- **How to complete this task**
Reproduce word for word the lines between those holding "< dim_row (kron" and "by (simp_all add: less_mult_imp_div_less)", inclusive, and nothing else from the data below.

- **Dataset records**
=== Begin Enclosure ===

(* There exists a constant $c>0$ such that for all even positive integers $n,m$, every eigenvalue $\lambda$ of the $nm\times nm$ Laplacian matrix $$\mathbf{L}=\mathbf{I}_n\otimes\big(\mathbf{D}^{(2)}_m+\mathbf{T}_{\sin^2}^{-1}\mathbf{T}_{\cos\sin}\mathbf{D}_m\big)+\mathbf{D}^{(2)}_n\otimes \mathbf{T}_{\sin^2}^{-1}$$ satisfies $|\lambda|\le c\,(n^2m^2+m^3)$. That is, $|\lambda_{\max}(\mathbf{L})|=\mathcal{O}(n^2m^2+m^3)$.
   Context: Here $\otimes$ is the Kronecker product and $\mathbf{I}_n$ is the $n\times n$ identity. For an even integer $m$: - $\mathbf{D}_m=\mathrm{diag}\big(i\cdot(0,-m/2+1,-m/2+2,\ldots,m/2-1)\big)$ ($m\times m$, $i=\sqrt{-1}$). - $\mathbf{D}^{(2)}_m=\mathrm{diag}\big(-j^2\big)_{j=-m/2}^{m/2-1}$; $\mathbf{D}^{(2)}_n$ is defined in the same way with $n$ in place of $m$. - $\mathbf{P}$ is the $(m+1)\times m$ matrix with $\mathbf{P}_{1,1}=\mathbf{P}_{m+1,1}=1/2$, $\mathbf{P}_{j,j}=1$ for $2\le j\le m$, and all other entries zero. - $\mathbf{Q}$ is the $m\times(m+5)$ matrix with $\mathbf{Q}_{j,j+2}=1$ for $1\le j\le m$, $\mathbf{Q}_{1,m+3}=1$, and all other entries zero. - $\mathbf{M}_{\sin^2}$ is the $(m+5)\times(m+5)$ symmetric Toeplitz matrix with $1/2$ on the main diagonal, $-1/4$ in entries $(r,r\pm2)$, and zeros elsewhere. - $\mathbf{M}_{\cos\sin}$ is the $(m+5)\times(m+5)$ Toeplitz matrix with entries $(r,r+2)$ equal to $i/4$, entries $(r+2,r)$ equal to $-i/4$, and zeros elsewhere. - $\mathbf{M}(:,3{:}m{+}3)$ denotes the submatrix of columns $3$ through $m+3$. - $\mathbf{T}_{\sin^2}=\mathbf{Q}\,\mathbf{M}_{\sin^2}(:,3{:}m{+}3)\,\mathbf{P}$ and $\mathbf{T}_{\cos\sin}=\mathbf{Q}\,\mathbf{M}_{\cos\sin}(:,3{:}m{+}3)\,\mathbf{P}$ (both $m\times m$). The matrix $\mathbf{T}_{\sin^2}$ is invertible, so $\mathbf{L}$ is well defined. *)

theory Defs
  imports Complex_Main "Jordan_Normal_Form.Matrix" "Jordan_Normal_Form.Char_Poly"
begin

text \<open>All matrices are complex JNF matrices, indexed from 0 (paper indices minus one).\<close>

definition kron :: "complex mat \<Rightarrow> complex mat \<Rightarrow> complex mat" where
  "kron A B = mat (dim_row A * dim_row B) (dim_col A * dim_col B)
     (\<lambda>(i,j). A $$ (i div dim_row B, j div dim_col B) * B $$ (i mod dim_row B, j mod dim_col B))"

definition Dmat :: "nat \<Rightarrow> complex mat" where
  "Dmat m = mat m m (\<lambda>(i,j). if i = j then (if i = 0 then 0 else \<i> * of_int (int i - int m div 2)) else 0)"

definition D2mat :: "nat \<Rightarrow> complex mat" where
  "D2mat m = mat m m (\<lambda>(i,j). if i = j then - ((of_int (int i - int m div 2)) ^ 2) else 0)"

definition Pmat :: "nat \<Rightarrow> complex mat" where
  "Pmat m = mat (m+1) m (\<lambda>(i,j).
     if j = 0 \<and> (i = 0 \<or> i = m) then 1/2
     else if i = j \<and> 1 \<le> i \<and> i \<le> m - 1 then 1 else 0)"

definition Qmat :: "nat \<Rightarrow> complex mat" where
  "Qmat m = mat m (m+5) (\<lambda>(i,j). if (i < m \<and> j = i + 2) \<or> (i = 0 \<and> j = m + 2) then 1 else 0)"

definition Msin2 :: "nat \<Rightarrow> complex mat" where
  "Msin2 m = mat (m+5) (m+5) (\<lambda>(r,s). if r = s then 1/2 else if r = s + 2 \<or> s = r + 2 then -1/4 else 0)"

definition Mcossin :: "nat \<Rightarrow> complex mat" where
  "Mcossin m = mat (m+5) (m+5) (\<lambda>(r,s). if s = r + 2 then \<i>/4 else if r = s + 2 then -\<i>/4 else 0)"

text \<open>M(:,3:m+3): columns 3..m+3 (1-based), i.e. 0-based columns 2..m+2.\<close>
definition colsub :: "nat \<Rightarrow> complex mat \<Rightarrow> complex mat" where
  "colsub m M = mat (dim_row M) (m+1) (\<lambda>(i,j). M $$ (i, j + 2))"

definition Tsin2 :: "nat \<Rightarrow> complex mat" where
  "Tsin2 m = Qmat m * colsub m (Msin2 m) * Pmat m"

definition Tcossin :: "nat \<Rightarrow> complex mat" where
  "Tcossin m = Qmat m * colsub m (Mcossin m) * Pmat m"

definition minv :: "complex mat \<Rightarrow> complex mat" where
  "minv A = (SOME B. B \<in> carrier_mat (dim_row A) (dim_row A) \<and> inverts_mat A B \<and> inverts_mat B A)"

definition Lmat :: "nat \<Rightarrow> nat \<Rightarrow> complex mat" where
  "Lmat n m = kron (1\<^sub>m n) (D2mat m + minv (Tsin2 m) * Tcossin m * Dmat m)
             + kron (D2mat n) (minv (Tsin2 m))"

end

theory Submission
  imports Defs
begin

text \<open>Every eigenvalue is bounded by the largest absolute row sum, and row sums are
  subadditive, submultiplicative and multiplicative under Kronecker products, so it suffices to
  bound the row sums of the factors of L. The only nontrivial factor is the inverse of T_sin2.
  On odd coordinates T_sin2 is the stencil (-1/4, 1/2, -1/4) on a path with Dirichlet ends, on
  even coordinates the same stencil closed into a cycle through coordinate 0. Its inverse is
  therefore explicit, built from the Green's function (min s t - \<alpha>) (\<beta> - max s t) of the
  second difference, and has entries of size O(m). Hence its row sums are O(m^2), those of
  T_sin2^-1 T_cossin D_m are O(m^3), and those of D2_n \<otimes> T_sin2^-1 are O(n^2 m^2).\<close>

section \<open>Row sums\<close>

definition row_sums_le :: "'a::real_normed_vector mat \<Rightarrow> real \<Rightarrow> bool" where
  "row_sums_le A r \<longleftrightarrow> (\<forall>i<dim_row A. (\<Sum>j<dim_col A. norm (A $$ (i,j))) \<le> r)"

lemma row_sums_le_nonneg: "row_sums_le A r \<Longrightarrow> 0 < dim_row A \<Longrightarrow> 0 \<le> r"
  unfolding row_sums_le_def by (meson order_trans sum_nonneg norm_ge_zero)

lemma row_sums_le_add:
  assumes "row_sums_le A r" "row_sums_le B s" "B \<in> carrier_mat (dim_row A) (dim_col A)"
  shows "row_sums_le (A + B) (r + s)"
  unfolding row_sums_le_def
proof (intro allI impI)
  fix i assume i: "i < dim_row (A + B)"
  have cols: "dim_col (A + B) = dim_col A" using assms(3) by simp
  have "(\<Sum>j<dim_col (A + B). norm ((A + B) $$ (i,j)))
      \<le> (\<Sum>j<dim_col A. norm (A $$ (i,j)) + norm (B $$ (i,j)))"
    unfolding cols using i assms(3) by (intro sum_mono) (simp add: norm_triangle_ineq)
  also have "\<dots> \<le> r + s"
    using assms i unfolding row_sums_le_def by (simp add: sum.distrib add_mono)
  finally show "(\<Sum>j<dim_col (A + B). norm ((A + B) $$ (i,j))) \<le> r + s" .
qed

lemma row_sums_le_mult:
  fixes A B :: "'a::real_normed_div_algebra mat"
  assumes "row_sums_le A r" "row_sums_le B s" "dim_col A = dim_row B" "0 \<le> s"
  shows "row_sums_le (A * B) (r * s)"
  unfolding row_sums_le_def
proof (intro allI impI)
  fix i assume i: "i < dim_row (A * B)"
  have "(\<Sum>j<dim_col (A * B). norm ((A * B) $$ (i,j)))
      \<le> (\<Sum>j<dim_col B. \<Sum>k<dim_row B. norm (A $$ (i,k)) * norm (B $$ (k,j)))"
    unfolding index_mult_mat(3)
  proof (rule sum_mono)
    fix j assume "j \<in> {..<dim_col B}"
    with i assms(3) have "(A * B) $$ (i,j) = (\<Sum>k<dim_row B. A $$ (i,k) * B $$ (k,j))"
      by (auto simp: scalar_prod_def lessThan_atLeast0 intro!: sum.cong)
    then show "norm ((A * B) $$ (i,j)) \<le> (\<Sum>k<dim_row B. norm (A $$ (i,k)) * norm (B $$ (k,j)))"
      using norm_sum[of "\<lambda>k. A $$ (i,k) * B $$ (k,j)" "{..<dim_row B}"] by (simp add: norm_mult)
  qed
  also have "\<dots> = (\<Sum>k<dim_row B. norm (A $$ (i,k)) * (\<Sum>j<dim_col B. norm (B $$ (k,j))))"
    by (subst sum.swap) (simp add: sum_distrib_left)
  also have "\<dots> \<le> (\<Sum>k<dim_row B. norm (A $$ (i,k)) * s)"
    using assms(2) unfolding row_sums_le_def by (intro sum_mono mult_left_mono) auto
  also have "\<dots> \<le> r * s"
    using assms i unfolding row_sums_le_def by (simp add: sum_distrib_right[symmetric] mult_right_mono)
  finally show "(\<Sum>j<dim_col (A * B). norm ((A * B) $$ (i,j))) \<le> r * s" .
qed

lemma sum_lessThan_mult_div_mod:
  "(\<Sum>j<a * b. f (j div b) (j mod b)) = (\<Sum>x<a. \<Sum>y<b. f x y)" for a b :: nat
proof -
  have bound: "x * b + y < a * b" if "x < a" "y < b" for x y
  proof -
    have "x * b + y < Suc x * b" using \<open>y < b\<close> by simp
    also have "\<dots> \<le> a * b" using \<open>x < a\<close> by (intro mult_le_mono1) simp
    finally show ?thesis .
  qed
  have "(\<Sum>j<a * b. f (j div b) (j mod b)) = (\<Sum>(x, y)\<in>{..<a} \<times> {..<b}. f x y)"
    by (rule sum.reindex_bij_witness[where i = "\<lambda>(x, y). x * b + y" and j = "\<lambda>j. (j div b, j mod b)"])
      (auto simp: less_mult_imp_div_less bound intro!: mod_less_divisor Nat.gr0I)
  then show ?thesis by (simp add: sum.cartesian_product)
qed

lemma row_sums_le_kron:
  assumes "row_sums_le A r" "row_sums_le B s" "0 \<le> s"
  shows "row_sums_le (kron A B) (r * s)"
  unfolding row_sums_le_def
proof (intro allI impI)
  fix i assume "i < dim_row (kron A B)"
  then have i: "i < dim_row A * dim_row B" by (simp add: kron_def)
  then have "0 < dim_row B" by (cases "dim_row B") auto
  with i have p: "i div dim_row B < dim_row A" and q: "i mod dim_row B < dim_row B"
    by (simp_all add: less_mult_imp_div_less)
  have "(\<Sum>j<dim_col (kron A B). norm (kron A B $$ (i,j)))
     = (\<Sum>x<dim_col A. \<Sum>y<dim_col B. norm (A $$ (i div dim_row B, x)) * norm (B $$ (i mod dim_row B, y)))"
    using i by (simp add: kron_def norm_mult flip: sum_lessThan_mult_div_mod)
  also have "\<dots> = (\<Sum>x<dim_col A. norm (A $$ (i div dim_row B, x))) * (\<Sum>y<dim_col B. norm (B $$ (i mod dim_row B, y)))"
    by (rule sum_product[symmetric])
  also have "\<dots> \<le> r * s"
    using assms p q row_sums_le_nonneg[OF assms(1)] unfolding row_sums_le_def
    by (intro mult_mono) (auto intro: sum_nonneg)
  finally show "(\<Sum>j<dim_col (kron A B). norm (kron A B $$ (i,j))) \<le> r * s" .
qed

=== End Enclosure ===

- **Output**
  fix i assume "i < dim_row (kron A B)"
  then have i: "i < dim_row A * dim_row B" by (simp add: kron_def)
  then have "0 < dim_row B" by (cases "dim_row B") auto
  with i have p: "i div dim_row B < dim_row A" and q: "i mod dim_row B < dim_row B"
    by (simp_all add: less_mult_imp_div_less)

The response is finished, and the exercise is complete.